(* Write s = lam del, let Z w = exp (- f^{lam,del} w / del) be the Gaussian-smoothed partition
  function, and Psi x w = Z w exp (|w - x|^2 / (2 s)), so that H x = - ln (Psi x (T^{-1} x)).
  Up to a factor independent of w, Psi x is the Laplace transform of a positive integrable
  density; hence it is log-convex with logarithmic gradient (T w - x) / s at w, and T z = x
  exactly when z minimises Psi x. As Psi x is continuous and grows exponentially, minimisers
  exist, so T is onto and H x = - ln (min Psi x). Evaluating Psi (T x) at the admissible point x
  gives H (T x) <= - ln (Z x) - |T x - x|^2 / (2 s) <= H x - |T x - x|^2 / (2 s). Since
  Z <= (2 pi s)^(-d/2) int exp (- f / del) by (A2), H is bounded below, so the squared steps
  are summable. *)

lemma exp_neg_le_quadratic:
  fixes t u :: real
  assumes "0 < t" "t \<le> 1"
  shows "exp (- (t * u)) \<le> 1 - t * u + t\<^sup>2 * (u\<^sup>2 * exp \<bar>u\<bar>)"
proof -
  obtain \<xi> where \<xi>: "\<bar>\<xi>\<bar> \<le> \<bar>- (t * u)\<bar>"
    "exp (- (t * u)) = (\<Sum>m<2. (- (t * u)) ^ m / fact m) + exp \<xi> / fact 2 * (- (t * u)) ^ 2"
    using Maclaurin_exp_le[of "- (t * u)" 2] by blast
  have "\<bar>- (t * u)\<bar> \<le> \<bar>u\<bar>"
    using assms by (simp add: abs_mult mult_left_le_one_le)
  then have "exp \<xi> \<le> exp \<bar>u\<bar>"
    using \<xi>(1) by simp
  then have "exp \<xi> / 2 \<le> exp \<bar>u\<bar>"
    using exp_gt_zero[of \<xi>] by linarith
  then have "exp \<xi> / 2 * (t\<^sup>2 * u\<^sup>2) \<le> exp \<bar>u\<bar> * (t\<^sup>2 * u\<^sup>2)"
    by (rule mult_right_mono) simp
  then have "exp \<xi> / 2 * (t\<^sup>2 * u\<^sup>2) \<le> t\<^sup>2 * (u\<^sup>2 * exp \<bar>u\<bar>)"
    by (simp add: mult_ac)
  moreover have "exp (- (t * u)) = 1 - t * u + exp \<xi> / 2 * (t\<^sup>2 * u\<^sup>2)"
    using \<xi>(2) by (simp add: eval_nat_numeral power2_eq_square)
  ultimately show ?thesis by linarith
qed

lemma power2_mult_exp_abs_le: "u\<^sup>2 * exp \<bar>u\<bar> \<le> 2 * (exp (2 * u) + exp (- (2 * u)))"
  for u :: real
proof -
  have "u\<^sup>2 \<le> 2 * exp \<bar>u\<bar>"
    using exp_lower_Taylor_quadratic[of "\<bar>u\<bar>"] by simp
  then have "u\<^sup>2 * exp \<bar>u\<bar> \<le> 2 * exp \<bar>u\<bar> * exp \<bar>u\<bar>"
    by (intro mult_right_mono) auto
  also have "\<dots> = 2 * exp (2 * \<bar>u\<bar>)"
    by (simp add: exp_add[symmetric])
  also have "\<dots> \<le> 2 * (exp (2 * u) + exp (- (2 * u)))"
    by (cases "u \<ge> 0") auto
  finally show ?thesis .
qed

[Work request]:
At the line with "u\<^sup>2) \<le> exp", start returning lines exactly, and stop after the final line of the listing.

[Result]:
  then have "exp \<xi> / 2 * (t\<^sup>2 * u\<^sup>2) \<le> exp \<bar>u\<bar> * (t\<^sup>2 * u\<^sup>2)"
    by (rule mult_right_mono) simp
  then have "exp \<xi> / 2 * (t\<^sup>2 * u\<^sup>2) \<le> t\<^sup>2 * (u\<^sup>2 * exp \<bar>u\<bar>)"
    by (simp add: mult_ac)
  moreover have "exp (- (t * u)) = 1 - t * u + exp \<xi> / 2 * (t\<^sup>2 * u\<^sup>2)"
    using \<xi>(2) by (simp add: eval_nat_numeral power2_eq_square)
  ultimately show ?thesis by linarith
qed

lemma power2_mult_exp_abs_le: "u\<^sup>2 * exp \<bar>u\<bar> \<le> 2 * (exp (2 * u) + exp (- (2 * u)))"
  for u :: real
proof -
  have "u\<^sup>2 \<le> 2 * exp \<bar>u\<bar>"
    using exp_lower_Taylor_quadratic[of "\<bar>u\<bar>"] by simp
  then have "u\<^sup>2 * exp \<bar>u\<bar> \<le> 2 * exp \<bar>u\<bar> * exp \<bar>u\<bar>"
    by (intro mult_right_mono) auto
  also have "\<dots> = 2 * exp (2 * \<bar>u\<bar>)"
    by (simp add: exp_add[symmetric])
  also have "\<dots> \<le> 2 * (exp (2 * u) + exp (- (2 * u)))"
    by (cases "u \<ge> 0") auto
  finally show ?thesis .
qed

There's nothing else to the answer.